Heute fiel immer wieder schlagartig strahlendes Licht vom Himmel, als könne es sich nicht mehr zurückhalten, um gleich darauf von strenger Hand hinter dunklen Wolken zurückgedrängt zu werden. Es ist erst Vorfrühling, flüstert der Herrscher.

Als wir losfuhren, stieg der klagende Ruf der Greifvögel über dampfende Berge, deren Gipfel anmuteten wie der vereiste Pelz eines Braunbären.

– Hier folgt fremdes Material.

lemma misclassification_pmf_bounds:
  fixes P :: "nat \<Rightarrow> 'a" and h g :: "'a \<Rightarrow> real" and u :: "real \<Rightarrow> real" and z :: "nat \<Rightarrow> real"
  assumes P: "inj_on P {..2^k}"
    and h: "\<And>i. i \<le> 2^k \<Longrightarrow> h (P i) = of_bool (odd i)"
    and g: "\<And>i. i \<le> 2^k \<Longrightarrow> g (P i) = u (z i)"
    and Cr: "ereal_of_enat (Cr u) \<le> ereal (2 powr (real k - 2))"
    and z: "\<forall>i<2^k. z i < z (Suc i)"
  shows "1/8 \<le> (\<integral>\<^sup>+x. ennreal \<bar>h x - g x\<bar> \<partial>measure_pmf (pmf_of_set (P ` {..2^k})))"
    and "1/4 \<le> (\<integral>\<^sup>+x. ennreal \<bar>thr h x - thr g x\<bar> \<partial>measure_pmf (pmf_of_set (P ` {..2^k})))"
proof -
  have average: "(\<integral>\<^sup>+x. ennreal (F x) \<partial>measure_pmf (pmf_of_set (P ` {..2^k}))) =
      (\<Sum>i\<le>2^k. ennreal (F (P i))) / of_nat (2^k + 1)" for F
    using P by (simp add: nn_integral_pmf_of_set sum.reindex card_image)
  have "\<forall>i\<le>2^k. \<bar>h (P i) - of_bool (odd i)\<bar> \<le> 0"
    using h by simp
  note loss = alternating_sample_loss[OF Cr z this]
  have "(1/2 - 0) * (2^k + 1) / 4 \<le> (\<Sum>i\<le>2^k. \<bar>h (P i) - g (P i)\<bar>)"
    using loss(2) g by simp
  then have "ennreal (1/8) \<le> (\<Sum>i\<le>2^k. ennreal \<bar>h (P i) - g (P i)\<bar>) / of_nat (2^k + 1)"
    by (intro ennreal_le_sum_divide) auto
  then show "1/8 \<le> (\<integral>\<^sup>+x. ennreal \<bar>h x - g x\<bar> \<partial>measure_pmf (pmf_of_set (P ` {..2^k})))"
    by (simp add: average ennreal_divide_numeral[symmetric])
  have "(2^k + 1) / 4 \<le> (\<Sum>i\<le>2^k. \<bar>thr h (P i) - thr g (P i)\<bar>)"
    using loss(1) g by (simp add: thr_def)
  then have "ennreal (1/4) \<le> (\<Sum>i\<le>2^k. ennreal \<bar>thr h (P i) - thr g (P i)\<bar>) / of_nat (2^k + 1)"
    by (intro ennreal_le_sum_divide) auto
  then show "1/4 \<le> (\<integral>\<^sup>+x. ennreal \<bar>thr h x - thr g x\<bar> \<partial>measure_pmf (pmf_of_set (P ` {..2^k})))"
    by (simp add: average ennreal_divide_numeral[symmetric])
qed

Dann aber – am See – reißen blaue Schleier zwischen den Bergrücken auf, um kurze Blicke auf weite Täler zu gewähren. Unten am Steg patrouillieren Blässhühner-Trupps wie Soldaten in schwarzen Uniformen mit weißen Abzeichen, die sich synchron und langsam nach geheimen Plänen bewegen. Zwei Mädels stehen auf dem Steg und lassen ihre langen Haare im noch kalten Wind wehen.

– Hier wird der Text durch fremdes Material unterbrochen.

(* Let $b\in\mathbb R^d\setminus\{0\}$ and $\lambda_1\ge\dots\ge\lambda_d>0$. Define $F(y)=-\sum_{i=1}^d|b_i|\sqrt{y_i}-\sqrt{\sum_{i=1}^d\lambda_i^{-1}y_i}$, $B_i=b_i^2(\|b\|_2+\lambda_d^{-1/2})^{-2}$, $\mathcal I=\{i\in[d]:b_i\neq0\}$, $D_F=\{y\in\mathbb R^d:y_i>B_i\ \forall i\in[d],\ \sum_{i=1}^dy_i<1\}$, $$t_0=9\max\Big(\max_{i\in\mathcal I}(b_i^2B_i)^{-1/2},\ \min_{i\in\mathcal I}(\lambda_i^{-1}B_i)^{-1/2}\Big),$$ and for $t>0$, $F^{(t)}(y)=tF(y)-\sum_{i=1}^d\log(y_i-B_i)-\log\big(1-\sum_{i=1}^dy_i\big)$. Then for all $t\ge t_0$, $F^{(t)}$ is self-concordant on $D_F$.
   Context: A function $G$ satisfies the self-concordance differential inequality on $D\subset\mathbb R^d$ if for every $z\in D$ and $h\in\mathbb R^d$, $|D^3G(z)[h,h,h]|\le2\,(D^2G(z)[h,h])^{3/2}$, where $D^kG(z)[h,\dots,h]$ is the $k$-th directional derivative. $G$ defined on $D$ is self-concordant if it satisfies this inequality on $D$ and $G(z)\to+\infty$ as $z\to\partial D$. *)

theory Defs
  imports "HOL-Analysis.Analysis"
begin

definition dir_deriv :: "nat \<Rightarrow> ('a::real_normed_vector \<Rightarrow> real) \<Rightarrow> 'a \<Rightarrow> 'a \<Rightarrow> real" where
  "dir_deriv k G z h = (deriv ^^ k) (\<lambda>s. G (z + s *\<^sub>R h)) 0"

definition sc_inequality :: "('a::real_normed_vector \<Rightarrow> real) \<Rightarrow> 'a set \<Rightarrow> bool" where
  "sc_inequality G D \<longleftrightarrow>
     (\<forall>z\<in>D. \<forall>h. \<bar>dir_deriv 3 G z h\<bar> \<le> 2 * (dir_deriv 2 G z h) powr (3/2))"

Lärchentafeln auf dem Dach – Kirchen im Chiemgau

Hübsche Kirchen mit ziegelroten Blumenmotiven an der Fassade und lärchengetäfelten Dächern erzählen fröhlich davon, dass Religion nicht nur vom strafenden Vater spricht, sondern auch von der liebevollen und freudigen Frau. Die Kirchen, die Schönen, mit ihren geheimnisvollen Friedhöfen, auf denen einem Katzen entgegen schnurren, sie übersehen milde die Geschmacklosigkeit der neuen Siedlungen und überhören geduldig den Lärm der Straßen.

Der kirchliche Friedhof befindet sich direkt an der Kirche Rabenden. Historische Grabkreuze

Die Alz rollt schäumend über flache Steine und mimt den wilden Gebirgsfluss, ich glaub‘s ihr nicht und lache sie an. Nicht weit entfernt zeigt ein Acker stolz die Schwärze seines fetten Bodens. An Wälder gedrängt liegen Moorwiesen, wild noch, aber durchzogen von tiefen Narben, den Entwässerungsgräben.

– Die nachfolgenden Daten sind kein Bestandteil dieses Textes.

(* Let $P_n(x)=\sum_{k=0}^{n}\frac{(q^{-n},q^{n+3};q)_k\,(q(1+(q-1)x);q)_k\,q^k}{(q,q^2,q^2;q)_k}$ for $n\ge 0$ (the $q$-Hahn type family ${}_3\phi_2\!\left(q^{-n},q^{c+d+n+1},q(1+(q-1)x);q^{c+1},q^{d+1};q,q\right)$ with $c=d=1$). Then the sequence $(\beta_{n+2}/\beta_2)_{n\ge0}$ is the sequence of moments of the orthogonal polynomials $(P_n)_{n\ge0}$.
   Context: $q$ is an indeterminate; we work over $\mathbb{Q}(q)$. The $q$-Bernoulli–Carlitz numbers $\beta_n\in\mathbb{Q}(q)$ are defined by: for all $n\ge0$, $q\sum_{k=0}^{n}\binom{n}{k}q^k\beta_k-\beta_n$ equals $q-1$ if $n=0$, $1$ if $n=1$, and $0$ if $n>1$ (so $\beta_0=1$, $\beta_2=q/((q+1)(q^2+q+1))$). The $q$-Pochhammer symbol is $(a;q)_k=(1-a)(1-qa)\cdots(1-q^{k-1}a)$ and $(a_1,\dots,a_r;q)_k=\prod_i(a_i;q)_k$. A sequence $(m_n)_{n\ge0}$ with $m_0=1$ is called the sequence of moments of a family of polynomials $(P_n)_{n\ge0}$ ($\deg P_n=n$) if the linear functional $L$ on $\mathbb{Q}(q)[x]$ with $L(x^n)=m_n$ satisfies $L(P_mP_n)=0$ for $m\ne n$ and $L(P_n^2)\neq0$. *)

theory Defs
  imports "HOL-Computational_Algebra.Polynomial" "HOL-Computational_Algebra.Fraction_Field"
begin

type_synonym qf = "rat poly fract"

definition qq :: qf where
  "qq = Fract [:0, 1:] 1"

definition qpoch :: "'a::comm_ring_1 \<Rightarrow> 'a \<Rightarrow> nat \<Rightarrow> 'a" where
  "qpoch a q k = (\<Prod>i<k. (1 - q ^ i * a))"

definition moment_functional :: "(nat \<Rightarrow> 'a::comm_ring_1) \<Rightarrow> 'a poly \<Rightarrow> 'a" where
  "moment_functional m p = (\<Sum>i\<le>degree p. coeff p i * m i)"

definition is_moment_sequence :: "(nat \<Rightarrow> 'a::field) \<Rightarrow> (nat \<Rightarrow> 'a poly) \<Rightarrow> bool" where
  "is_moment_sequence m P \<longleftrightarrow>
     m 0 = 1 \<and> (\<forall>n. degree (P n) = n) \<and>
     (\<forall>i j. i \<noteq> j \<longrightarrow> moment_functional m (P i * P j) = 0) \<and>
     (\<forall>n. moment_functional m (P n * P n) \<noteq> 0)"

definition P_qhahn :: "nat \<Rightarrow> qf poly" where
  "P_qhahn n = (\<Sum>k\<le>n.
      smult (qpoch (inverse qq ^ n) qq k * qpoch (qq ^ (n + 3)) qq k * qq ^ k /
             (qpoch qq qq k * qpoch (qq ^ 2) qq k * qpoch (qq ^ 2) qq k))
        (qpoch [:qq, qq * (qq - 1):] [:qq:] k))"

end

theory Submission
  imports Defs
begin

text \<open>Let \<open>L\<close> be the functional with \<open>L(x\<^sup>n) = \<beta>\<^sub>n\<close>. On monomials, the recurrence
  defining the \<open>\<beta>\<^sub>n\<close> says exactly that \<open>q L(g(1 + q x)) - L(g) = (q - 1) g(0) + g'(0)\<close>
  for every polynomial \<open>g\<close>. For \<open>Y\<^sub>k = (q(1 + (q - 1)x); q)\<^sub>k\<close>, composing
  \<open>(1 - q) x Y\<^sub>k\<close> with \<open>1 + q x\<close> gives \<open>Y\<^sub>k\<^sub>+\<^sub>1\<close>, and \<open>x Y\<^sub>k\<close> is a combination of
  \<open>Y\<^sub>k\<close> and \<open>Y\<^sub>k\<^sub>+\<^sub>1\<close>; this gives closed forms for \<open>L(Y\<^sub>k)\<close>, \<open>L(x Y\<^sub>k)\<close> and
  \<open>L(x\<^sup>2 Y\<^sub>k)\<close>. The functional \<open>L'(p) = L(x\<^sup>2 p) / \<beta>\<^sub>2\<close>, whose moments are
  \<open>\<beta>\<^sub>n\<^sub>+\<^sub>2 / \<beta>\<^sub>2\<close>, therefore sends \<open>Y\<^sub>k\<close> to \<open>(q\<^sup>2; q)\<^sub>k\<^sup>2 / (q\<^sup>4; q)\<^sub>k\<close>, so
  \<open>L'(P\<^sub>n)\<close> is a terminating balanced q-series, which telescopes to a multiple of
  \<open>(q\<^sup>1\<^sup>-\<^sup>n; q)\<^sub>n = 0\<close> for \<open>n > 0\<close>. Finally \<open>P\<^sub>n\<close> satisfies the three-term recurrence of the
  q-Hahn polynomials with nonvanishing \<open>C\<^sub>n\<close>, and a three-term recurrence together with
  \<open>L'(P\<^sub>n) = 0\<close> for \<open>n > 0\<close> forces orthogonality with nonzero norms (the easy half of
  Favard's theorem).\<close>

section \<open>Moment functionals and three-term recurrences\<close>

lemma moment_functional_eq_sum:
  "degree p \<le> N \<Longrightarrow> moment_functional m p = (\<Sum>i\<le>N. coeff p i * m i)"
  unfolding moment_functional_def
  by (rule sum.mono_neutral_left) (auto simp: coeff_eq_0)

lemma moment_functional_0 [simp]: "moment_functional m 0 = 0"
  by (simp add: moment_functional_def)

lemma moment_functional_add:
  "moment_functional m (p + r) = moment_functional m p + moment_functional m r"
proof -
  let ?N = "max (degree p) (degree r)"
  have "degree (p + r) \<le> ?N" by (rule degree_add_le) auto
  then show ?thesis
    by (simp add: moment_functional_eq_sum[of _ ?N] moment_functional_eq_sum[of p ?N]
        moment_functional_eq_sum[of r ?N] distrib_right sum.distrib)
qed

lemma moment_functional_smult:
  "moment_functional m (smult c p) = c * moment_functional m p"
  by (subst moment_functional_eq_sum[of _ "degree p"])
     (auto simp: sum_distrib_left mult.assoc moment_functional_def degree_smult_le)

lemma moment_functional_sum:
  "moment_functional m (\<Sum>i\<in>S. f i) = (\<Sum>i\<in>S. moment_functional m (f i))"
  by (induct S rule: infinite_finite_induct) (auto simp: moment_functional_add)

Noch einmal zurück zum See und sehen, wie schön die Spießenten sind mit ihrem weißen Band am Kopf. Diesmal sind sie so nah! Dass sie gar so schön sind, das wusste ich nicht, das macht mich glücklich. Und vom zerfurchten Stamm einer Schwarzpappel herunter ruft mir ein Kleiber zu, dass er schon Kinder hat.

Ein Kleiber vor seiner Höhle. Er hat schon Nachwuchs.
So nah hatte ich Spießenten (Anas acuta) noch nie erlebt.